Another activity Fisher is planning is an effort to promote early literacy through a storytime program. Fisher is taking a variety of materials to the camp’s libraries: books in Arabic and English, storytelling cubes, animal finger puppets, and blank booklets for kids to write and draw stories. Getting together for storytime sessions also will provide opportunities for young refugees and their parents to connect with each other and learn about resources at the camp.
“The idea of promoting reading, promoting education, promoting connectedness, particularly opportunities for girls, seemed like a really special one,” Fisher said. The work of Fisher’s team is part of a broad United Nations effort to use information to help improve conditions at Za’atari. Young people at the camp will be enlisted to contribute to a database of resources that are available and problems that need to be addressed. For example, water and sanitation issues could be identified; and people could be connected with employment opportunities.

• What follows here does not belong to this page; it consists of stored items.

section \<open>Diagonalization by elementary operations\<close>

lemma selem_reach_trans:
  "selem_reach q m c B C \<Longrightarrow> selem_reach q m c A B \<Longrightarrow> selem_reach q m c A C"
  by (induction rule: selem_reach.induct) (auto intro: selem_reach.intros)

lemma selem_reach_add_row_multiples:
  assumes "finite R" "R \<subseteq> {..<m}" "t < m" "t \<notin> R"
  shows "selem_reach q m c B (\<lambda>r. if r \<in> R then (\<lambda>k. sadd (B r k) (smul q (x r) (B t k))) else B r)"
  using assms
proof (induction R rule: finite_induct)
  case empty
  show ?case by (simp add: selem_reach.refl)
next
  case (insert r R)
  let ?C = "\<lambda>r. if r \<in> R then (\<lambda>k. sadd (B r k) (smul q (x r) (B t k))) else B r"
  have "selem_reach q m c B (?C(r := (\<lambda>k. sadd (?C r k) (smul q (x r) (?C t k)))))"
    using insert by (intro selem_reach.row_add) auto
  moreover have "?C(r := (\<lambda>k. sadd (?C r k) (smul q (x r) (?C t k))))
      = (\<lambda>r'. if r' \<in> insert r R then (\<lambda>k. sadd (B r' k) (smul q (x r') (B t k))) else B r')"
    using insert by (auto simp: fun_eq_iff)
  ultimately show ?case by simp
qed

lemma selem_reach_add_col_multiples:
  assumes "finite R" "R \<subseteq> {..<c}" "t < c" "t \<notin> R"
  shows "selem_reach q m c B (\<lambda>r k. if k \<in> R then sadd (B r k) (smul q (B r t) (y k)) else B r k)"
  using assms
proof (induction R rule: finite_induct)
  case empty
  show ?case by (simp add: selem_reach.refl)
next
  case (insert k R)
  let ?C = "\<lambda>r k. if k \<in> R then sadd (B r k) (smul q (B r t) (y k)) else B r k"
  have "selem_reach q m c B (\<lambda>r. (?C r)(k := sadd (?C r k) (smul q (?C r t) (y k))))"
    using insert by (intro selem_reach.col_add) auto
  moreover have "(\<lambda>r. (?C r)(k := sadd (?C r k) (smul q (?C r t) (y k))))
      = (\<lambda>r k'. if k' \<in> insert k R then sadd (B r k') (smul q (B r t) (y k')) else B r k')"
    using insert by (auto simp: fun_eq_iff)
  ultimately show ?case by simp
qed

definition pivot_cleared :: "nat \<Rightarrow> nat \<Rightarrow> nat \<Rightarrow> nat \<Rightarrow> 'k::field smat \<Rightarrow> 'k smat \<Rightarrow> bool" where
  "pivot_cleared m c t v B C \<longleftrightarrow> C t t = spow v \<and> (\<forall>k<c. k \<noteq> t \<longrightarrow> C t k = 0)
     \<and> (\<forall>r<m. r \<noteq> t \<longrightarrow> C r t = 0)
     \<and> (\<forall>r<m. \<forall>k<c. r \<noteq> t \<longrightarrow> k \<noteq> t \<longrightarrow> B r t = 0 \<or> B t k = 0 \<longrightarrow> C r k = B r k)"

lemma selem_reach_transpose:
  assumes "t < m" "i < m" "t < c" "j < c"
  shows "selem_reach q m c B
    (\<lambda>r k. B (Transposition.transpose t i r) (Transposition.transpose t j k))"
proof -
  let ?B = "B(t := B i, i := B t)"
  have "selem_reach q m c B ?B"
    using assms by (intro selem_reach.row_swap[OF selem_reach.refl])
  from selem_reach.col_swap[OF this assms(3,4)]
  have "selem_reach q m c B (\<lambda>r. (?B r)(t := ?B r j, j := ?B r t))" .
  moreover have "(\<lambda>r. (?B r)(t := ?B r j, j := ?B r t))
      = (\<lambda>r k. B (Transposition.transpose t i r) (Transposition.transpose t j k))"
    by (auto simp: fun_eq_iff Transposition.transpose_def)
  ultimately show ?thesis by simp
qed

“The ‘magic genius devices’ were a really clear indication to the U.N. about the valuable role that youth play as information guides,” Fisher said. “There’s capacity for helping spread information, being adept at using technology. Youth are going to be mobilized to help with all of this.
“There’s a lot of different types of needs, because the camp is the fourth-largest city in Jordan now,” Fisher said.
The camp, run by the U.N. High Commissioner for Refugees, is home to nearly 80,000 people who fled the civil war that has enveloped their Syrian homeland since 2011. It’s located in northern Jordan, a short distance from the Syrian border.
Accompanying Fisher on this trip will be Carleen Maitland, an associate professor at Penn State University; Ying Xu, a Penn State Ph.D. student; and Brian Tomaszewski, an assistant professor at the Rochester Institute of Technology.
Research assistant Katya Yefimova, an iSchool Ph.D. student, is helping coordinate the Za’atari activities from Seattle.
“I set up these phones and in 24 hours, some Syrian boy or girl will be using them,” Yefimova said. “That’s kind of a fun thing to think about. It creates a human connection with someone I’ve never met and never will.”
Fisher hopes to return a few more times this year to check the progress of her projects and do more to help improve conditions at the camp. She has the support of project sponsors, including Google and Lego, and cooperation from the UNHCR and non-governmental organizations.
“The nice thing about it is our relationship with the NGOs, the fieldworkers, the U.N. officers – it’s really beautiful how it’s all developing,” she said. “You have the opportunity to really feel like you’re accomplishing something good.”